In a total of 4,719 isolates of bacteria and fungi identified, after excluding duplicate isolates obtained from the same patient (each patient was sampled only once), there were 3,849 nonrepetitive isolates. These isolates belong to 211 different species, including 1,786 Gram-negative isolates (44.6%), 1,744 Gram-positive isolates (45.3%), 150 fungus isolates (3.9%), and 169 isolates containing other species (4.4%). The most frequently identified Gram-negative species were Escherichia coli, Klebsiella pneumonia and Pseudomonas aeruginosa, Enterobacter cloacae, Acinetobacter baumannii, and Proteus mirabilis. The most frequently identified Gram-positive species were Staphylococcus epidermidis, Staphylococcus aureus, Enterococcus faecalis, Staphylococcus haemolyticus, Streptococcus mitis, and Enterococcus faecium. Table 3 shows the number and percentage (%) of bacterial isolates from the outpatient specimens annually between 2013 and 2018. The percentage of S. aureus () and E. cloacae () demonstrated a significant increase annually, while S. epidermidis () and S. haemolyticus () showed a decrease. Candida albicans (78 isolates) and Aspergillus fumigatus (24 isolates) were the major fungi isolated, followed by Aspergillus flavus (9 isolates), Genus of Mucor and Fusarium (9 isolates), and other Candida species (30 isolates). Other rare bacterial isolates were Corynebacterium (109 isolates), Lactobacillus (36 isolates), anaerobic bacteria (13 isolates) as well as Brucella, Eikenella, Actinomyces, Nocardia, and Nontuberculous Mycobacterium. Among Corynebacterium, Kroppenstedt Corynebacterium (23 isolates), and Ribbone Corynebacterium (10 isolates) were predominant.

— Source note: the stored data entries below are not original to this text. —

(* Let $\Gamma$ be a simple, undirected, connected $r$-regular graph of order $p$ that contains a cycle and has girth $g(\Gamma)\ge 7$. Then $\gamma_{[3R]}(\Gamma)\le 2p-2r^2+3r-2$.
   Context: The girth of a graph is the minimum length of a cycle in it. For a graph $\Gamma=(V,E)$ and $h:V\to\{0,1,2,3,4\}$, let $AN(v)=\{w\in N(v):h(w)\ge 1\}$, $AN[v]=AN(v)\cup\{v\}$ and $h(S)=\sum_{u\in S}h(u)$. $h$ is a triple Roman dominating function (3RDF) if every $v$ with $h(v)<3$ satisfies $h(AN[v])\ge|AN(v)|+3$. The triple Roman domination number $\gamma_{[3R]}(\Gamma)$ is the minimum weight $h(V)$ of a 3RDF of $\Gamma$. *)

theory Defs
  imports Main
begin

definition simple_graph :: "'a set \<Rightarrow> ('a \<Rightarrow> 'a \<Rightarrow> bool) \<Rightarrow> bool" where
  "simple_graph V E \<longleftrightarrow> finite V \<and> (\<forall>u v. E u v \<longrightarrow> u \<in> V \<and> v \<in> V)
     \<and> (\<forall>u v. E u v \<longrightarrow> E v u) \<and> (\<forall>v. \<not> E v v)"

definition nbhd :: "'a set \<Rightarrow> ('a \<Rightarrow> 'a \<Rightarrow> bool) \<Rightarrow> 'a \<Rightarrow> 'a set" where
  "nbhd V E v = {w \<in> V. E v w}"

definition regular :: "'a set \<Rightarrow> ('a \<Rightarrow> 'a \<Rightarrow> bool) \<Rightarrow> nat \<Rightarrow> bool" where
  "regular V E r \<longleftrightarrow> (\<forall>v\<in>V. card (nbhd V E v) = r)"

definition connected_graph :: "'a set \<Rightarrow> ('a \<Rightarrow> 'a \<Rightarrow> bool) \<Rightarrow> bool" where
  "connected_graph V E \<longleftrightarrow> (\<forall>u\<in>V. \<forall>v\<in>V. E\<^sup>*\<^sup>* u v)"

definition is_cycle :: "'a set \<Rightarrow> ('a \<Rightarrow> 'a \<Rightarrow> bool) \<Rightarrow> 'a list \<Rightarrow> bool" where
  "is_cycle V E vs \<longleftrightarrow> length vs \<ge> 3 \<and> distinct vs \<and> set vs \<subseteq> V
     \<and> (\<forall>i. Suc i < length vs \<longrightarrow> E (vs ! i) (vs ! Suc i))
     \<and> E (last vs) (hd vs)"

definition has_cycle :: "'a set \<Rightarrow> ('a \<Rightarrow> 'a \<Rightarrow> bool) \<Rightarrow> bool" where
  "has_cycle V E \<longleftrightarrow> (\<exists>vs. is_cycle V E vs)"

text \<open>Girth: minimum length of a cycle (meaningful when a cycle exists).\<close>

definition girth :: "'a set \<Rightarrow> ('a \<Rightarrow> 'a \<Rightarrow> bool) \<Rightarrow> nat" where
  "girth V E = Inf {length vs | vs. is_cycle V E vs}"

definition active_nbhd :: "'a set \<Rightarrow> ('a \<Rightarrow> 'a \<Rightarrow> bool) \<Rightarrow> ('a \<Rightarrow> nat) \<Rightarrow> 'a \<Rightarrow> 'a set" where
  "active_nbhd V E h v = {w \<in> nbhd V E v. h w \<ge> 1}"

definition is_3RDF :: "'a set \<Rightarrow> ('a \<Rightarrow> 'a \<Rightarrow> bool) \<Rightarrow> ('a \<Rightarrow> nat) \<Rightarrow> bool" where
  "is_3RDF V E h \<longleftrightarrow> (\<forall>v\<in>V. h v \<le> 4) \<and> (\<forall>v. v \<notin> V \<longrightarrow> h v = 0)
     \<and> (\<forall>v\<in>V. h v < 3 \<longrightarrow>
          sum h (insert v (active_nbhd V E h v)) \<ge> card (active_nbhd V E h v) + 3)"

definition triple_roman_domination_number :: "'a set \<Rightarrow> ('a \<Rightarrow> 'a \<Rightarrow> bool) \<Rightarrow> nat" where
  "triple_roman_domination_number V E = Min {sum h V | h. is_3RDF V E h}"

end

theory Submission
  imports Defs
begin
lemma card_independent_H_le:
  assumes "finite V" "independent_set (H_verts V k) (H_adj V E k) I"
  shows "card I \<le> card V + (k - 1)"
proof -
  have I: "I \<subseteq> H_verts V k" "\<forall>x\<in>I. \<forall>y\<in>I. \<not> H_adj V E k x y"
    using assms(2) unfolding independent_set_def by auto
  have "inj_on H_block I"
    using I by (intro inj_onI) (metis H_adj_same_block subsetD)
  then have "card I = card (H_block ` I)" by (simp add: card_image)
  also have "\<dots> \<le> card (Inl ` V \<union> Inr ` {..<k - 1} :: ('a + nat) set)"
    using H_block_image[of V k] I(1) assms(1) by (intro card_mono) auto
  also have "\<dots> \<le> card V + (k - 1)"
    by (rule order_trans[OF card_Un_le]) (simp add: card_image)
  finally show ?thesis .
qed

lemma independent_H_witness:
  assumes "finite V"
  obtains I where "independent_set (H_verts V k) (H_adj V E k) I" "card I = card V + (k - 1)"
proof
  let ?J = "Inl ` Inr ` V \<union> (\<lambda>j. Inr (2 * j)) ` {..<k - 1} :: (('a + 'a) + nat) set"
  show "independent_set (H_verts V k) (H_adj V E k) ?J"
    unfolding independent_set_def H_adj_def by auto
  have "inj_on (\<lambda>j. Inr (2 * j) :: ('a + 'a) + nat) {..<k - 1}" by (auto simp: inj_on_def)
  then show "card ?J = card V + (k - 1)"
    using assms by (subst card_Un_disjoint) (auto simp: card_image)
qed

lemma alpha_H:
  assumes "finite V"
  shows "alpha (H_verts V k) (H_adj V E k) = card V + (k - 1)"
  using independent_H_witness[OF assms] card_independent_H_le[OF assms]
  by (metis alpha_eqI assms finite_H_verts)

section \<open>Dissociation number of H\<close>

lemma card_dissociation_H_le:
  assumes "finite V" "card V < 2 * (k - 1)"
    and D: "dissociation_set (H_verts V k) (H_adj V E k) I"
  shows "card I \<le> card V + 2 * (k - 1)"
proof -
  let ?A = "Inl ` Inl ` V :: (('a + 'a) + nat) set"
  let ?B = "Inl ` Inr ` V :: (('a + 'a) + nat) set"
  let ?W = "Inr ` {..<2 * (k - 1)} :: (('a + 'a) + nat) set"
  have cards: "card ?A = card V" "card ?B = card V" "card ?W = 2 * (k - 1)"
    by (simp_all add: card_image)
  have I: "I \<subseteq> ?A \<union> ?B \<union> ?W"
    using D unfolding dissociation_set_def by (auto simp: H_verts_def)
  have "finite I" using finite_subset[OF I] assms(1) by simp
  show ?thesis
  proof (cases "\<exists>u. Inl (Inl u) \<in> I")
    case True
    then obtain u where u: "Inl (Inl u) \<in> I" by blast
    have "I \<inter> ?W \<subseteq> {y \<in> I. H_adj V E k (Inl (Inl u)) y}"
      using u D by (auto simp: dissociation_set_def H_adj_V_W)
    then have "card (I \<inter> ?W) \<le> card {y \<in> I. H_adj V E k (Inl (Inl u)) y}"
      using \<open>finite I\<close> by (intro card_mono) auto
    also have "\<dots> \<le> 1" using D u unfolding dissociation_set_def by blast
    finally have "card (I \<inter> ?W) \<le> 1" .
    moreover have "card I \<le> card ?A + card ?B + card (I \<inter> ?W)"
    proof -
      have "card I \<le> card (?A \<union> ?B \<union> (I \<inter> ?W))"
        using I assms(1) by (intro card_mono) auto
      also have "\<dots> \<le> card ?A + card ?B + card (I \<inter> ?W)"
        by (meson add_right_mono card_Un_le le_trans)
      finally show ?thesis .
    qed
    ultimately show ?thesis using cards assms(2) by linarith
  next
    case False
    then have "I \<subseteq> ?B \<union> ?W" using I by auto
    then have "card I \<le> card (?B \<union> ?W)" using assms(1) by (intro card_mono) auto
    then show ?thesis using card_Un_le[of ?B ?W] cards by linarith
  qed
qed

lemma dissociation_H_witness:
  assumes "finite V"
  obtains I where "dissociation_set (H_verts V k) (H_adj V E k) I"
    "card I = card V + 2 * (k - 1)"
proof
  let ?D = "Inl ` Inr ` V \<union> Inr ` {..<2 * (k - 1)} :: (('a + 'a) + nat) set"
  have "card {y \<in> ?D. H_adj V E k x y} \<le> 1" if "x \<in> ?D" for x
  proof (cases x rule: H_vertex_cases)
    case (3 i)
    have unique: "y = y'" if nbrs: "y \<in> {y \<in> ?D. H_adj V E k x y}" "y' \<in> {y \<in> ?D. H_adj V E k x y}"
      for y y'
    proof -
      obtain j j' where j: "y = Inr j" "y' = Inr j'" "i \<noteq> j" "i \<noteq> j'"
        "i div 2 = j div 2" "i div 2 = j' div 2"
        using nbrs 3 by (auto simp: H_adj_W_iff H_adj_copy_iff)
      have "(W_edge (i div 2) :: (('a + 'a) + nat) set) = {Inr i, Inr j}"
        using j(3,5) by (rule W_edge_eq)
      moreover have "(W_edge (i div 2) :: (('a + 'a) + nat) set) = {Inr i, Inr j'}"
        using j(4,6) by (rule W_edge_eq)
      ultimately show ?thesis using j by (auto simp: doubleton_eq_iff)
    qed
    have "finite {y \<in> ?D. H_adj V E k x y}" using assms by simp
    then have "card {y \<in> ?D. H_adj V E k x y} \<le> Suc 0"
      using unique by (simp only: card_le_Suc0_iff_eq) blast
    then show ?thesis by simp
  next
    case (2 u)
    then have "{y \<in> ?D. H_adj V E k x y} = {}" by (auto simp: H_adj_copy_iff)
    then show ?thesis by (metis card.empty zero_le_one)
  qed (use that in auto)
  then show "dissociation_set (H_verts V k) (H_adj V E k) ?D"
    unfolding dissociation_set_def by auto
  show "card ?D = card V + 2 * (k - 1)"
    using assms by (subst card_Un_disjoint) (auto simp: card_image)
qed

3.5. The Antimicrobial Resistance Profile of the Common Pathogens
3.5.1. Staphylococcus spp

Our study indicated that all of S. aureus isolates in our community were resistant to penicillin (Table 4). However, many S. aureus strains, while resistant to penicillin, remained susceptible to penicillinase-stable penicillin, such as oxacillin. Strains resistant to oxacillin and methicillin were historically termed methicillin-resistant S. aureus (MRSA) [13]. Our study found that the percentage of MRSA isolates was 25.1% during the study period (Table 4) without significant changes annually (Table 5). In contrast, the CHINET reported that the prevalence of MRSA decreased from 69.0% in 2005 to 35.2% in 2017 [3]. The difference between our study and the CHINET is likely due to the lower prevalence of MRSA in community-acquired infections over the period in our study, suggesting the infiltration of MRSA isolates from hospitals to the community is very limited.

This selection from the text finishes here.